Thursday 11 October 2012

Review: Idina Menzel at the Apollo Theatre

Idina Menzel. Picture: Robin Wong
The lights go down, the band starts playing, and then through the darkness a voice starts singing and shivers go up my spine.

I'm sitting in the Apollo Theatre, where Broadway legend Idina Menzel is performing as part of a week long residency.

She starts with Somewhere Over the Rainbow, singing the famous lines while we in the crowd desperately try to work out where she is. 

And then, suddenly, she's bouncing, actually bouncing like Tigger, out onto the stage looking gorgeous in a ballgown with bare feet, a look she's become known for.

Somewhere Over the Rainbow seagues into The Wizard And I from Wicked, which is a song I absolutely love, but is often overlooked or put aside so crowd favourite Defying Gravity can be performed instead.

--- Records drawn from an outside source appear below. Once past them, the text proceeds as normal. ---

lemma DERIV_nonzero_imp_sign_change:
  fixes g :: "real \<Rightarrow> real"
  assumes g: "(g has_real_derivative D) (at v)" and "D \<noteq> 0" "\<delta> > 0"
  shows "\<exists>e. 0 < e \<and> e < \<delta> \<and> (g (v - e) - g v) * (g (v + e) - g v) < 0"
proof -
  have "\<exists>e. 0 < e \<and> e < \<delta> \<and> h (v - e) < h v \<and> h v < h (v + e)"
    if h: "(h has_real_derivative E) (at v)" "E > 0" for h E
  proof -
    obtain d1 where d1: "d1 > 0" "\<And>e. 0 < e \<Longrightarrow> e < d1 \<Longrightarrow> h v < h (v + e)"
      using DERIV_pos_inc_right[OF h] by blast
    obtain d2 where d2: "d2 > 0" "\<And>e. 0 < e \<Longrightarrow> e < d2 \<Longrightarrow> h (v - e) < h v"
      using DERIV_pos_inc_left[OF h] by blast
    show ?thesis
      by (rule exI[of _ "min (min d1 d2) \<delta> / 2"]) (use d1 d2 \<open>\<delta> > 0\<close> in auto)
  qed
  from this[of g D] this[of "\<lambda>x. - g x" "- D", OF DERIV_minus[OF g]] g \<open>D \<noteq> 0\<close>
  show ?thesis
    by (cases "D > 0") (auto simp: mult_neg_pos mult_pos_neg)
qed

lemma eventually_attains_value_nhds:
  fixes F :: "'a::t2_space \<Rightarrow> real \<Rightarrow> real"
  assumes st: "s \<le> t" and sign: "(F x0 s - w) * (F x0 t - w) < 0"
    and cont_s: "isCont (\<lambda>x. F x s) x0" and cont_t: "isCont (\<lambda>x. F x t) x0"
    and cont: "\<forall>\<^sub>F x in nhds x0. continuous_on {s..t} (F x)"
  shows "\<forall>\<^sub>F x in nhds x0. \<exists>u\<in>{s..t}. F x u = w"
proof -
  have "isCont (\<lambda>x. (F x s - w) * (F x t - w)) x0"
    by (intro continuous_intros cont_s cont_t)
  from order_tendstoD(2)[OF isContD[OF this]] sign
  have "\<forall>\<^sub>F x in nhds x0. (F x s - w) * (F x t - w) < 0"
    by (simp add: eventually_nhds_conv_at)
  then show ?thesis
    using cont
  proof eventually_elim
    case (elim x)
    then show ?case
      using IVT'[of "F x" s w t] IVT2'[of "F x" t w s] st
      by (cases "F x s < w") (auto simp: mult_less_0_iff)
  qed
qed

definition W_tilde :: "('m \<Rightarrow> real \<Rightarrow> real) \<Rightarrow> ('m \<Rightarrow> real \<Rightarrow> real) \<Rightarrow> 'm \<times> real \<Rightarrow> real" where
  "W_tilde a W = (\<lambda>(p, v). a p v * deriv (W p) v)"

locale normal_shift_chart =
  fixes c :: "('m::topological_space, 'n::finite) chart"
    and a :: "'m \<Rightarrow> real \<Rightarrow> real"
    and bc :: "('m, 'n) chart \<Rightarrow> real^'n \<Rightarrow> real \<Rightarrow> real^'n"
    and V W :: "'m \<Rightarrow> real \<Rightarrow> real"
  assumes dom_open: "open (chart_dom c)"
    and img_open: "open (chart_img c)"
    and chart_homeo: "homeomorphism (chart_dom c) (chart_img c) (chart_map c) (chart_inv c)"
    and a_smooth: "smooth_on (cdom c) (loc c a)"
    and W_smooth: "smooth_on (cdom c) (loc c W)"
    and b_smooth: "smooth_on (cdom c) (\<lambda>(x, v). bc c x v)"
    and a_eq: "\<forall>z\<in>cdom c. \<forall>i. pdx i (loc c a) z + bcomp bc c i z * pdv (loc c a) z =
        pdv (bcomp bc c i) z * loc c a z"
    and V_pos: "\<forall>p. \<forall>w>0. V p w > 0"
    and V_pfaff: "\<forall>x\<in>chart_img c. \<forall>w>0.
        ((\<lambda>y. V (chart_inv c y) w) has_derivative (\<lambda>u. bc c x (V (chart_inv c x) w) \<bullet> u)) (at x)"
    and W_def: "\<forall>p. \<forall>v>0. W p v > 0 \<and> V p (W p v) = v"
    and W_v_nz: "\<forall>p. \<forall>v>0. deriv (W p) v \<noteq> 0"
begin

abbreviation "al \<equiv> loc c a"
abbreviation "Wl \<equiv> loc c W"
abbreviation "Wv \<equiv> pdv (loc c W)"
abbreviation "bl i \<equiv> bcomp bc c i"

definition pdb :: "'n \<Rightarrow> ((real^'n) \<times> real \<Rightarrow> real) \<Rightarrow> (real^'n) \<times> real \<Rightarrow> real" where
  "pdb i F z = pdx i F z + bl i z * pdv F z"

lemma cdom_open: "open (cdom c)"
  unfolding cdom_def using img_open by (simp add: open_Times)

lemma mem_cdom: "(x, v) \<in> cdom c \<longleftrightarrow> x \<in> chart_img c \<and> v > 0"
  by (simp add: cdom_def)

lemma Wv_smooth: "smooth_on (cdom c) Wv"
  by (rule smooth_on_pdv[OF W_smooth])

lemma differentiable_at_cdom:
  assumes "z \<in> cdom c"
  shows "al differentiable (at z)" "Wl differentiable (at z)" "Wv differentiable (at z)"
    and "bl i differentiable (at z)"
proof -
  show "al differentiable (at z)" "Wl differentiable (at z)" "Wv differentiable (at z)"
    using smooth_on_imp_differentiable[OF _ cdom_open assms] a_smooth W_smooth Wv_smooth by auto
  have "(\<lambda>(x, v). bc c x v) differentiable (at z)"
    by (rule smooth_on_imp_differentiable[OF b_smooth cdom_open assms])
  from differentiable_compose[OF bounded_linear_imp_differentiable[OF bounded_linear_vec_nth] this]
  show "bl i differentiable (at z)"
    by (simp add: bcomp_def o_def split_def)
qed
(* Let $G$ be a triangular graph and run the procedure described in the context on $G$, starting with two vertices of the outer triangle as the distinguished vertices $v_1,v_2$ (clockwise consecutive, with the edge $v_1v_2$ given some orientation). Then in the resulting orientation every interior vertex of $G$ has in-degree exactly $3$; that is, the restriction of the constructed orientation to the interior edges of $G$ is an internal $3$-orientation.
   Context: A triangular graph is a plane graph with at least 3 vertices all of whose faces, including the outer one, are triangles; its interior vertices/edges are those not on the outer triangle. A near triangulation is a 2-connected plane graph whose outer face is bounded by a cycle (the outer cycle) and all of whose inner faces are triangles. An internal 3-orientation of a triangular graph is an orientation of its interior edges in which every interior vertex has in-degree exactly 3. The procedure: its input is a near triangulation $H$ with two distinguished vertices $v_1,v_2$ such that $v_2$ immediately follows $v_1$ clockwise on the outer cycle; the edge $v_1v_2$ is already oriented, other edges are not. It orients every edge and gives each edge a strength 1 or 2, as follows. (Recursive step) If the outer cycle has a chord $v_av_b$, it splits the outer cycle into cycles $C_1$ (containing $v_1,v_2$) and $C_2$; let $H_1,H_2$ be the subgraphs formed by $C_1$, $C_2$ with their interiors. Run the procedure first on $H_1$ with distinguished vertices $v_1,v_2$, and then on $H_2$ with the endpoints of the chord as distinguished vertices, ordered so that the second immediately follows the first clockwise on the outer cycle of $H_2$ (the chord has been oriented during the run on $H_1$). (Orienting step) If the outer cycle has no chord, let $v_3$ be the vertex immediately following $v_2$ clockwise on the outer cycle (the central vertex). Every edge of the current graph incident to $v_3$ that lies on the outer cycle is oriented towards $v_3$ and given strength 1; every other edge of the current graph incident to $v_3$ is oriented away from $v_3$ and given strength 2. Then $v_3$ is deleted, and if vertices other than $v_1,v_2$ remain, the procedure is called recursively on the remaining graph with the same distinguished vertices $v_1,v_2$. *)

theory Defs
  imports Main
begin
text \<open>The hypothesis \<open>I \<noteq> {}\<close> is not implied by \<open>Inf I < Sup I\<close>: on \<open>real\<close>,
  \<open>Inf {}\<close> and \<open>Sup {}\<close> are unspecified.\<close>

lemma exists_point_weighted_value_le:
  fixes V :: "real \<Rightarrow> real"
  assumes n: "2 \<le> n" and I: "is_interval I" "bounded I" "I \<noteq> {}" "I \<subseteq> {0<..}" "Inf I < Sup I"
    and V: "continuous_on I V" "(\<lambda>s. (V s)^2) integrable_on I"
  shows "\<exists>t\<in>I. Sup I \<le> 2 * t \<and>
           t powr (real n / 2 - 1) * \<bar>V t\<bar>
             \<le> 3 * sqrt (integral I (\<lambda>r. r ^ (n - 1) * (V r)^2)) / ilength I"
proof -
  define f where "f = (\<lambda>r. r ^ (n - 1) * (V r)^2)"
  define A where "A = integral I f"
  define L where "L = ilength I"
  define m where "m = (Inf I + Sup I) / 2"
  define c where "c = (Inf I + 3 * Sup I) / 4"
  have "0 \<le> Inf I"
    using I(3,4) by (intro cInf_greatest) auto
  have "0 < L" "c - m = L / 4"
    using I(5) unfolding L_def ilength_def c_def m_def by (simp_all add: field_simps)
  have sub: "{m..c} \<subseteq> I"
    using greaterThanLessThan_Inf_Sup_subset[OF I(1-3)] I(5) unfolding m_def c_def by auto
  have "continuous_on {m..c} f"
    unfolding f_def using continuous_on_subset[OF V(1) sub] by (intro continuous_intros)
  moreover have "m \<le> c"
    using \<open>c - m = L / 4\<close> \<open>0 < L\<close> by simp
  ultimately obtain t where t: "t \<in> {m..c}" "(c - m) * f t \<le> integral {m..c} f"
    using exists_mult_le_integral by blast
  have fI: "f absolutely_integrable_on I"
    unfolding f_def by (rule power_mult_square_absolutely_integrable_on[OF I(1,2) V(2)])
  have "integral {m..c} f \<le> A"
    unfolding A_def using fI sub I(4) \<open>continuous_on {m..c} f\<close>
    by (intro integral_subset_le integrable_continuous_interval)
       (auto simp: absolutely_integrable_on_def f_def intro!: mult_nonneg_nonneg)
  have "t \<in> I"
    using t(1) sub by blast
  then have "0 < t"
    using I(4) by blast
  have "L / 2 \<le> t" "Sup I \<le> 2 * t"
    using t(1) \<open>0 \<le> Inf I\<close> unfolding m_def L_def ilength_def by simp_all
  define W where "W = t powr (real n / 2 - 1) * \<bar>V t\<bar>"
  have "W^2 = t ^ (n - 2) * (V t)^2"
    unfolding W_def power_mult_distrib powr_half_minus_one_squared[OF \<open>0 < t\<close> n] by simp
  moreover have "n - 1 = Suc (n - 2)"
    using n by simp
  then have "t ^ (n - 1) = t * t ^ (n - 2)"
    by simp
  ultimately have "f t = t * W^2"
    unfolding f_def by simp
  have "L / 4 * (L / 2) * W^2 \<le> L / 4 * t * W^2"
    using \<open>L / 2 \<le> t\<close> \<open>0 < L\<close> by (intro mult_right_mono mult_left_mono) auto
  also have "\<dots> = (c - m) * f t"
    unfolding \<open>f t = t * W^2\<close> \<open>c - m = L / 4\<close> by simp
  also have "\<dots> \<le> A"
    using t(2) \<open>integral {m..c} f \<le> A\<close> by linarith
  finally have "(L * W)^2 \<le> 8 * A"
    by (simp add: power2_eq_square algebra_simps)
  then have "0 \<le> A"
    using zero_le_power2[of "L * W"] by linarith
  with \<open>(L * W)^2 \<le> 8 * A\<close> have "(L * W)^2 \<le> (3 * sqrt A)^2"
    by (simp add: power_mult_distrib)
  then have "L * W \<le> 3 * sqrt A"
    by (rule power2_le_imp_le) (simp add: \<open>0 \<le> A\<close>)
  then have "W \<le> 3 * sqrt A / L"
    using \<open>0 < L\<close> by (simp add: field_simps)
  then show ?thesis
    using \<open>t \<in> I\<close> \<open>Sup I \<le> 2 * t\<close> unfolding W_def A_def L_def f_def by blast
qed

lemma H1_weighted_pointwise_bound:
  fixes V g :: "real \<Rightarrow> real"
  assumes n: "3 \<le> n" and I: "is_interval I" "bounded I" "I \<subseteq> {0<..}" "Inf I < Sup I"
    and H1: "H1_with_deriv V g I" and s: "s \<in> I"
  shows "s powr (real n / 2 - 1) * \<bar>V s\<bar>
           \<le> 3 * 2 powr (real n / 2 - 1) * (sqrt (integral I (\<lambda>r. r ^ (n - 1) * (g r)^2))
                + (1 / ilength I) * sqrt (integral I (\<lambda>r. r ^ (n - 1) * (V r)^2)))"
proof -
  define e where "e = real n / 2 - 1"
  define A where "A = sqrt (integral I (\<lambda>r. r ^ (n - 1) * (V r)^2))"
  define B where "B = sqrt (integral I (\<lambda>r. r ^ (n - 1) * (g r)^2))"
  have "0 \<le> e" using n unfolding e_def by simp
  have "0 < s" using s I(3) by auto
  have V: "continuous_on I V" "(\<lambda>r. (V r)^2) integrable_on I"
    using H1 unfolding H1_with_deriv_def by auto
  have "2 \<le> n" "I \<noteq> {}"
    using n s by auto
  then obtain t where t: "t \<in> I" "Sup I \<le> 2 * t" "t powr e * \<bar>V t\<bar> \<le> 3 * A / ilength I"
    using exists_point_weighted_value_le[OF _ I(1,2) _ I(3,4) V] unfolding e_def A_def by blast
  define p where "p = min s t"
  define q where "q = max s t"
  have "p \<in> I" "q \<in> I" "p \<le> q" "\<bar>V s - V t\<bar> = \<bar>V q - V p\<bar>"
    using s t(1) unfolding p_def q_def by (auto simp: min_def max_def abs_minus_commute)
  then have osc: "p powr e * \<bar>V s - V t\<bar> \<le> B"
    using H1_weighted_increment_le[OF n I(1-3) H1] unfolding e_def B_def by simp
  have "s \<le> Sup I"
    using s I(2) by (simp add: cSup_upper bounded_imp_bdd_above)
  then have "s \<le> 2 * t" "s \<le> 2 * p"
    using t(2) \<open>0 < s\<close> unfolding p_def by auto
  then have "s powr e \<le> 2 powr e * t powr e" "s powr e \<le> 2 powr e * p powr e"
    using \<open>0 < s\<close> \<open>0 \<le> e\<close> by (auto simp flip: powr_mult intro: powr_mono2)
  have "s powr e * \<bar>V s\<bar> \<le> s powr e * \<bar>V t\<bar> + s powr e * \<bar>V s - V t\<bar>"
    by (simp flip: distrib_left add: mult_left_mono abs_triangle_ineq2)
  also have "\<dots> \<le> 2 powr e * (t powr e * \<bar>V t\<bar>) + 2 powr e * (p powr e * \<bar>V s - V t\<bar>)"
    using \<open>s powr e \<le> 2 powr e * t powr e\<close> \<open>s powr e \<le> 2 powr e * p powr e\<close>
    by (intro add_mono; simp add: mult.assoc[symmetric] mult_right_mono)
  also have "\<dots> \<le> 2 powr e * (3 * A / ilength I) + 2 powr e * B"
    using t(3) osc by (intro add_mono mult_left_mono) auto
  also have "\<dots> \<le> 3 * 2 powr e * (B + (1 / ilength I) * A)"
    using order_trans[OF _ osc] by (simp add: algebra_simps)
  finally show ?thesis unfolding e_def A_def B_def .
qed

It's a great choice, and with its powerful notes really gets the crowd smiling.

I saw Menzel last year at the Royal Albert Hall, a venue that's at least 10 times the size of the Apollo. She had no problem filling the Hall with her voice, but seeing her in a more intimate venue also works.

Most people would probably expect a musical theatre actress like Menzel to spend most of her concert performing show tunes, but she surprises by singing a host of songs from a host of genres - from the Barbra Streisand classic Don’t Rain on My Parade (which she sang at the Royal Albert Hall) to Joni Mitchell’s Both Sides Now to U2’s I Still Haven’t Found What I’m Looking For.

Peppered in between the songs are stories about Menzel's life and career, and I appreciated the fact that she didn't repeat any of the tales she told last year, even though she performed a few of the same numbers.

Some of her anecdotes are funny, some poignant, some both. One sees Menzel refer to her friend and mentor Marvin Hamlisch, who died recently and who conducted the Royal Philharmonic when she performed with them last year.

She speaks about his influence on her, before performing At The Ballet from A Chorus Line, which Menzel says she sang at Hamlisch’s funeral at the request of his family. She finishes the segment with another tale about Hamlisch and how he was a mentor to her, and allowed her to sit at the piano bench with him and sing. A bench is brought out and Menzel sits herself down, leaving a space where Hamlisch would have been, and sings an emotional rendition of What I Did For Love.

Happier moments come when Menzel sings Take Me Or Leave Me from Rent, the musical which was her first Broadway show (she also sings No Day But Today). In a great moment of crowd interaction three members of the audience are picked at random to sing Take Me Or Leave Me with Menzel. They rush out of the crowd, and include a girl who can’t be more than 13 and has a voice that more than stands up to Menzel’s - definitely a star of the future. I have to admit I'm more than a bit jealous of the singers, not just because they get to perform with Menzel, but because when I sing I sound like 10 cats yowling while 20 people run their fingernails down a blackboard.

Happily, she performs her version of Love For Sale mixed with Roxanne, which I will never get tired of hearing her sing, as well as Peter Gabriel's In Your Eyes and snippets of Katy Perry's Firework and Beyonce's Single Ladies, which are great fun.
 
As well as well known standards Menzel performs two original numbers, both of which are touching, plus the afore-mentioned Defying Gravity. From Wicked she also sings For Good in tribute to the crowd, and is forced back on stage for an encore which ends with her “favourite song ever”, Somewhere from West Side Story, with its lyrics: “There’s a place for us/Somewhere a place for us”.

The standing ovation that greets Menzel shows her fans have found their place - right there cheering her on.

•Idina Menzel is at the Apollo Theatre, Shaftesbury Avenue, until Sunday, October 14.